There are also a couple of additional minor comments:

1. It is understandable that full stereochemical assignments aren't provided for compound 1, but cacaoidin includes D-alanine so is it worth commenting on this possibility for compound 1? It looks like there are serine residues that are converted to alanine residues, which would enable this.

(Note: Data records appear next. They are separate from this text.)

(* Let $L$ be an extension of $\mathbb{Z}_\mathrm{max}$ with $\mathrm{ui}(L/\mathbb{Z}_\mathrm{max})<\infty$. Then $L\cong F^{(n)}$ as extensions of $\mathbb{Z}_\mathrm{max}$ for some positive integer $n$.
   Context: A semifield is a commutative semiring (both operations commutative monoids, distributive law) in which every nonzero element is a unit. $\mathbb{Z}_\mathrm{max}=\mathbb{Z}\cup\{-\infty\}$ is the semifield with addition $\max$ and multiplication ordinary addition; writing $u$ for the integer $1$ in it, $\mathbb{Z}_\mathrm{max}=\{0\}\cup\{u^k:k\in\mathbb{Z}\}$. An extension of a semifield $K$ is a semifield $L$ with an injective homomorphism $K\to L$. The unit index is $\mathrm{ui}(L/K)=|L^\times/K^\times|$. For a positive integer $n$, $F^{(n)}$ is the extension of $\mathbb{Z}_\mathrm{max}$ given by $\mathbb{Z}_\mathrm{max}$ itself with embedding $u^k\mapsto u^{nk}$, $0\mapsto 0$. An isomorphism of extensions is a semiring isomorphism compatible with the embeddings. *)

theory Defs
  imports "HOL-Algebra.Algebra"
begin

definition semifield :: "('a, 'b) ring_scheme \<Rightarrow> bool" where
  "semifield R \<longleftrightarrow> semiring R \<and> comm_monoid R \<and>
     (\<forall>x\<in>carrier R. x \<noteq> \<zero>\<^bsub>R\<^esub> \<longrightarrow> x \<in> Units R)"

definition semiring_hom :: "('a, 'c) ring_scheme \<Rightarrow> ('b, 'd) ring_scheme \<Rightarrow> ('a \<Rightarrow> 'b) set" where
  "semiring_hom R S = {h. h \<in> ring_hom R S \<and> h \<zero>\<^bsub>R\<^esub> = \<zero>\<^bsub>S\<^esub>}"

text \<open>Z_max = Z with -infinity (None); element Some k is u^k.\<close>
fun zmax_add :: "int option \<Rightarrow> int option \<Rightarrow> int option" where
  "zmax_add None y = y"
| "zmax_add x None = x"
| "zmax_add (Some a) (Some b) = Some (max a b)"

fun zmax_mult :: "int option \<Rightarrow> int option \<Rightarrow> int option" where
  "zmax_mult (Some a) (Some b) = Some (a + b)"
| "zmax_mult _ _ = None"

definition Zmax :: "int option ring" where
  "Zmax = \<lparr>carrier = UNIV, monoid.mult = zmax_mult, one = Some 0,
           ring.zero = None, ring.add = zmax_add\<rparr>"

definition semifield_ext :: "('a, 'c) ring_scheme \<Rightarrow> ('b, 'd) ring_scheme \<Rightarrow> ('a \<Rightarrow> 'b) \<Rightarrow> bool" where
  "semifield_ext K L h \<longleftrightarrow> semifield K \<and> semifield L \<and> h \<in> semiring_hom K L \<and> inj_on h (carrier K)"

text \<open>The cosets L^x / h(K^x); the unit index ui(L/K) is their number.\<close>
definition unit_cosets :: "('a, 'c) ring_scheme \<Rightarrow> ('b, 'd) ring_scheme \<Rightarrow> ('a \<Rightarrow> 'b) \<Rightarrow> 'b set set" where
  "unit_cosets K L h = rcosets\<^bsub>units_of L\<^esub> (h ` Units K)"

definition Fn_emb :: "int \<Rightarrow> int option \<Rightarrow> int option" where
  "Fn_emb n x = map_option (\<lambda>k. n * k) x"

definition ext_iso :: "('a, 'c) ring_scheme \<Rightarrow> ('b, 'd) ring_scheme \<Rightarrow> ('a \<Rightarrow> 'b)
     \<Rightarrow> ('e, 'f) ring_scheme \<Rightarrow> ('a \<Rightarrow> 'e) \<Rightarrow> ('b \<Rightarrow> 'e) \<Rightarrow> bool" where
  "ext_iso K L h L' h' \<phi> \<longleftrightarrow> \<phi> \<in> semiring_hom L L' \<and> bij_betw \<phi> (carrier L) (carrier L') \<and>
     (\<forall>x\<in>carrier K. \<phi> (h x) = h' x)"

end

theory Submission
  imports Defs
begin

text \<open>Since \<open>\<one> \<oplus> \<one> = \<one>\<close> holds in \<open>\<int>\<^sub>m\<^sub>a\<^sub>x\<close>, every extension \<open>L\<close> is an idempotent
  semifield, ordered by \<open>a \<le> b \<longleftrightarrow> a \<oplus> b = b\<close>. A geometric-sum argument shows that
  \<open>\<one> \<le> x\<^sup>n\<close> implies \<open>\<one> \<le> x\<close>; in particular \<open>L\<^sup>\<times>\<close> is torsion-free. If \<open>u\<close> is the image
  of the generator of \<open>\<int>\<^sub>m\<^sub>a\<^sub>x\<^sup>\<times>\<close> and \<open>N\<close> the (finite) unit index, then \<open>x\<^sup>N = u\<^sup>k\<close>
  for a unique \<open>k\<close>, and \<open>x \<mapsto> k\<close> embeds \<open>L\<^sup>\<times>\<close> into \<open>\<int>\<close>. So \<open>L\<^sup>\<times>\<close> is infinite cyclic, generated
  by some \<open>v\<close> with \<open>u = v\<^sup>n\<close>, \<open>n > 0\<close>; from \<open>\<one> \<le> u\<close> we get \<open>\<one> \<le> v\<close>, so \<open>v\<^sup>a \<oplus> v\<^sup>b = v\<^bsup>max a b\<^esup>\<close>.
  Hence \<open>\<zero> \<mapsto> -\<infinity>\<close>, \<open>v\<^sup>k \<mapsto> k\<close> is an isomorphism onto \<open>\<int>\<^sub>m\<^sub>a\<^sub>x\<close> turning the embedding into
  \<open>k \<mapsto> n k\<close>, i.e. into that of \<open>F\<^sup>(\<^sup>n\<^sup>)\<close>.\<close>

lemma (in normal) pow_card_rcosets_mem:
  assumes "x \<in> carrier G"
  shows "x [^] card (rcosets H) \<in> H"
proof -
  have "order (G Mod H) = card (rcosets H)"
    by (simp add: order_def FactGroup_def)
  then have "(H #> x) [^]\<^bsub>G Mod H\<^esub> card (rcosets H) = \<one>\<^bsub>G Mod H\<^esub>"
    using group.pow_order_eq_1[OF factorgroup_is_group] assms
    by (metis carrier_FactGroup image_eqI)
  then have "H #> x [^] card (rcosets H) = H"
    by (simp add: FactGroup_pow assms)
  then show ?thesis
    using coset_join1 assms subgroup_axioms by blast
qed

lemma (in comm_group) embeds_into_integers_if_finite_index:
  assumes u: "u \<in> carrier G" and u_inj: "inj (\<lambda>k::int. u [^] k)"
    and torsion_free: "\<And>x n. x \<in> carrier G \<Longrightarrow> n > 0 \<Longrightarrow> x [^] (n::nat) = \<one> \<Longrightarrow> x = \<one>"
    and fin: "finite (rcosets (range (\<lambda>k::int. u [^] k)))"
  shows "\<exists>g \<in> hom G integer_group. inj_on g (carrier G) \<and> g u > 0"
proof -
  define H where "H = range (\<lambda>k::int. u [^] k)"
  define N where "N = card (rcosets H)"
  have "normal H G"
    unfolding H_def by (rule subgroup_imp_normal[OF subgroup_of_powers[OF u]])
  then have pow_N: "x [^] N \<in> H" if "x \<in> carrier G" for x
    unfolding N_def using that by (rule normal.pow_card_rcosets_mem)
  have "H \<in> rcosets H"
    using subgroup.subset[OF subgroup_of_powers[OF u]] unfolding H_def
    by (metis coset_mult_one rcosetsI one_closed)
  then have N_pos: "N > 0"
    unfolding N_def H_def using fin card_gt_0_iff by blast
  define g where "g x = the_inv (\<lambda>k::int. u [^] k) (x [^] N)" for x
  have g: "x [^] N = u [^] g x" if "x \<in> carrier G" for x
    using pow_N[OF that] u_inj unfolding g_def H_def by (simp add: f_the_inv_into_f)
  have g_eqI: "g x = k" if "x [^] N = u [^] k" for x k
    using that u_inj unfolding g_def by (simp add: the_inv_f_f)
  have "g \<in> hom G integer_group"
  proof (rule homI)
    fix x y assume xy: "x \<in> carrier G" "y \<in> carrier G"
    have "(x \<otimes> y) [^] N = x [^] N \<otimes> y [^] N"
      using xy by (simp add: nat_pow_distrib)
    also have "\<dots> = u [^] (g x + g y)"
      using xy u g by (simp add: int_pow_mult)
    finally show "g (x \<otimes> y) = g x \<otimes>\<^bsub>integer_group\<^esub> g y"
      by (simp add: g_eqI)
  qed simp
  moreover have "inj_on g (carrier G)"
  proof (rule inj_onI)
    fix x y assume xy: "x \<in> carrier G" "y \<in> carrier G" and "g x = g y"
    then have "x [^] N = y [^] N"
      using g by simp
    then have "(x \<otimes> inv y) [^] N = \<one>"
      using xy by (simp add: nat_pow_distrib nat_pow_inv)
    then have "x \<otimes> inv y = \<one>"
      using torsion_free N_pos xy by simp
    then show "x = y"
      using inv_solve_right[of \<one> x y] xy by simp
  qed
  moreover have "g u = int N"
    using u by (simp add: g_eqI int_pow_int)
  ultimately show ?thesis
    using N_pos by auto
qed

lemma (in group) infinite_cyclic_if_embeds_into_integers:
  assumes g: "g \<in> hom G integer_group" and g_inj: "inj_on g (carrier G)"
    and u: "u \<in> carrier G" and g_u: "g u > 0"
  obtains v n where "v \<in> carrier G" "carrier G = range (\<lambda>k::int. v [^] k)"
    "inj (\<lambda>k::int. v [^] k)" "(n::int) > 0" "u = v [^] n"
proof -
  have g_pow: "g (x [^] k) = k * g x" if "x \<in> carrier G" for x and k :: int
    using hom_int_pow[OF g that] by simp
  define d where "d = (LEAST d. d > 0 \<and> (\<exists>x \<in> carrier G. g x = int d))"
  have "d > 0 \<and> (\<exists>x \<in> carrier G. g x = int d)"
    unfolding d_def by (rule LeastI[of _ "nat (g u)"]) (use u g_u in auto)
  then obtain v where v: "v \<in> carrier G" "g v = int d" and d_pos: "d > 0"
    by blast
  have log: "x = v [^] (g x div int d)" if x: "x \<in> carrier G" for x
  proof -
    define r where "r = g x mod int d"
    have y: "x \<otimes> v [^] (- (g x div int d)) \<in> carrier G"
      using x v by simp
    have g_y: "g (x \<otimes> v [^] (- (g x div int d))) = r"
      using x v g_pow hom_mult[OF g] unfolding r_def
      by (simp add: minus_div_mult_eq_mod[symmetric] algebra_simps)
    have r_bounds: "r \<ge> 0" "r < int d"
      using d_pos unfolding r_def by auto
    have "r = 0"
    proof (rule ccontr)
      assume "r \<noteq> 0"
      then have "nat r > 0 \<and> (\<exists>y \<in> carrier G. g y = int (nat r))"
        using y g_y r_bounds by auto
      then have "d \<le> nat r"
        unfolding d_def by (rule Least_le)
      then show False
        using r_bounds by simp
    qed
    then have "g x = g (v [^] (g x div int d))"
      using v g_pow unfolding r_def by (metis add.right_neutral mult.commute mult_div_mod_eq)
    then show ?thesis
      using x v by (meson g_inj inj_onD int_pow_closed)
  qed
  then have gen: "carrier G = range (\<lambda>k::int. v [^] k)"
    using v by (auto intro: int_pow_closed)
  have v_inj: "inj (\<lambda>k::int. v [^] k)"
    using g_pow v d_pos by (intro injI) (metis mult_cancel_right of_nat_0_less_iff less_irrefl)
  obtain q :: int where q: "u = v [^] q"
    using log[OF u] by blast
  have "q > 0"
  proof -
    have "g u = q * int d"
      using q g_pow v by simp
    then show ?thesis
      using g_u d_pos by (simp add: zero_less_mult_iff)
  qed
  show ?thesis
    using v(1) gen v_inj \<open>q > 0\<close> q by (rule that)
qed

lemma Zmax_simps [simp]:
  "carrier Zmax = UNIV" "monoid.mult Zmax = zmax_mult" "one Zmax = Some 0"
  "ring.zero Zmax = None" "ring.add Zmax = zmax_add"
  by (simp_all add: Zmax_def)

lemma Units_Zmax: "Units Zmax = range Some"
proof -
  have "x \<in> Units Zmax \<longleftrightarrow> x \<in> range Some" for x
  proof (cases x)
    case None
    have "zmax_mult y None \<noteq> Some 0" for y
      by (cases y) auto
    then show ?thesis
      using None by (auto simp: Units_def)
  next
    case (Some k)
    then show ?thesis
      by (auto simp: Units_def intro!: exI[of _ "Some (-k)"])
  qed
  then show ?thesis
    by blast
qed

primrec geom_sum :: "('a, 'b) ring_scheme \<Rightarrow> 'a \<Rightarrow> nat \<Rightarrow> 'a" where
  "geom_sum R x 0 = \<zero>\<^bsub>R\<^esub>"
| "geom_sum R x (Suc m) = geom_sum R x m \<oplus>\<^bsub>R\<^esub> x [^]\<^bsub>R\<^esub> m"

locale idempotent_semifield = semiring L + comm_monoid L for L (structure) +
  assumes one_add_one [simp]: "\<one> \<oplus> \<one> = \<one>"
    and zero_neq_one: "\<zero> \<noteq> \<one>"
    and nonzero_Units: "\<lbrakk>x \<in> carrier L; x \<noteq> \<zero>\<rbrakk> \<Longrightarrow> x \<in> Units L"
begin

lemma add_idem [simp]: "x \<in> carrier L \<Longrightarrow> x \<oplus> x = x"
  using r_distr[of \<one> \<one> x] by simp

lemma add_eq_zero_iff: "\<lbrakk>a \<in> carrier L; b \<in> carrier L\<rbrakk> \<Longrightarrow> a \<oplus> b = \<zero> \<longleftrightarrow> a = \<zero> \<and> b = \<zero>"
  by (metis a_assoc a_comm add_idem l_zero)

lemma geom_sum_closed [simp]: "x \<in> carrier L \<Longrightarrow> geom_sum L x m \<in> carrier L"
  by (induction m) auto

lemma geom_sum_Suc': "x \<in> carrier L \<Longrightarrow> geom_sum L x (Suc m) = x \<otimes> geom_sum L x m \<oplus> \<one>"
proof (induction m)
  case (Suc m)
  have "x \<otimes> geom_sum L x (Suc m) \<oplus> \<one> = (x \<otimes> geom_sum L x m \<oplus> \<one>) \<oplus> x [^] Suc m"
    using Suc.prems by (simp add: r_distr a_ac m_comm[of "x [^] m" x])
  then show ?case
    using Suc by simp
qed simp

text \<open>The
  geometric sum \<open>T = \<one> \<oplus> x \<oplus> \<dots> \<oplus> x\<^sup>n\<^sup>-\<^sup>1\<close> satisfies \<open>T \<oplus> x T = x T\<close>, and \<open>T\<close>
  is a unit because it dominates \<open>\<one>\<close>; cancelling \<open>T\<close> from \<open>(\<one> \<oplus> x) T = x T\<close>
  gives the claim.\<close>
lemma one_le_of_one_le_pow:
  assumes x: "x \<in> carrier L" and n: "(n::nat) > 0" and le: "\<one> \<oplus> x [^] n = x [^] n"
  shows "\<one> \<oplus> x = x"
proof -
  obtain m where m: "n = Suc m"
    using n gr0_implies_Suc by blast
  define P where "P = geom_sum L x m"
  define T where "T = geom_sum L x n"
  have P: "P \<in> carrier L" and T: "T \<in> carrier L"
    using x by (simp_all add: P_def T_def)
  have T_eq: "T = x \<otimes> P \<oplus> \<one>"
    using geom_sum_Suc'[OF x] by (simp add: T_def P_def m)
  have xT_eq: "x \<otimes> T = x \<otimes> P \<oplus> x [^] n"
    using x P by (simp add: T_def P_def m r_distr m_comm[of "x [^] m" x])
  have absorb: "T \<oplus> x \<otimes> T = x \<otimes> T"
  proof -
    have "T \<oplus> x \<otimes> T = (x \<otimes> P \<oplus> \<one>) \<oplus> (x \<otimes> P \<oplus> x [^] n)"
      unfolding xT_eq by (simp only: T_eq)
    also have "\<dots> = (x \<otimes> P \<oplus> x \<otimes> P) \<oplus> (\<one> \<oplus> x [^] n)"
      using x P by (simp add: a_ac del: add_idem)
    also have "\<dots> = x \<otimes> P \<oplus> x [^] n"
      using x P le by simp
    finally show ?thesis
      by (simp only: xT_eq)
  qed
  have "T \<in> Units L"
    using T x P zero_neq_one by (intro nonzero_Units) (auto simp: T_eq add_eq_zero_iff)
  moreover have "T \<otimes> (\<one> \<oplus> x) = T \<otimes> x"
    using x T absorb by (simp add: r_distr m_comm[of T x])
  ultimately show ?thesis
    using x by simp
qed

2. I'm unsure whether this is a journal decision or an author decision, but the organization of data for this re-submission made reviewing much more difficult than should be necessary. If data is presented like this for the published paper, it is likely that a reader will ignore a lot of great supporting data. The following files had to be downloaded and viewed individually (I thought I'd list them all to show how much this is). I think this is all relevant data that deserves to be associated with the publication, but a single supporting info file would be much easier to follow (text, protocols, tables and embedded figures alongside their figure legends), as would a single Excel spreadsheet with multiple sheets (or a limited number of Excel files with multiple sheets).

Supporting files:

S1_Text

S1_Data

S1_Figure

S2_Figure

S3_Figure

S4_Figure

S5_Figure

S6_Figure

S7_Figure

S8_Figure

S9_Figure

S10_Figure

S11_Figure

S12_Figure

S13_Figure

S14_Figure

S15_Figure

S16_Figure

S17_Figure

S18_Figure

S19_Figure

S20_Figure

S21_Figure

S22_Figure

S23_Figure

S24_Figure

S25_Figure

S26_Figure

S27_Figure

S28_Figure

S29_Figure

S30_Figure

S31_Figure

S31_Figure

S32_Figure

S33_Figure

S34_Figure

S35_Figure

S1_Table

S2_Table

S3_Table

S4_Table

S5_Table

S6_Table

S7_Table

S8_Table

S9_Table

S10_Table

S11_Table

S12_Table

S13_Table

S14_Table

S15_Table

S16_Table

S17_Table

S18_Table

S19_Table

S1_Protocol

S2_Protocol

S3_Protocol

Decision Letter 3

Roland G Roberts

7 Dec 2020

Dear Dr Medema,

On behalf of my colleagues and the Academic Editor, Tobias Bollenbach, I am pleased to inform you that we will be delighted to publish your Methods and Resources in PLOS Biology.

PRODUCTION PROCESS

Before publication you will see the copyedited word document (within 5 business days) and a PDF proof shortly after that. The copyeditor will be in touch shortly before sending you the copyedited Word document. We will make some revisions at copyediting stage to conform to our general style, and for clarification. When you receive this version you should check and revise it very carefully, including figures, tables, references, and supporting information, because corrections at the next stage (proofs) will be strictly limited to (1) errors in author names or affiliations, (2) errors of scientific fact that would cause misunderstandings to readers, and (3) printer's (introduced) errors. Please return the copyedited file within 2 business days in order to ensure timely delivery of the PDF proof.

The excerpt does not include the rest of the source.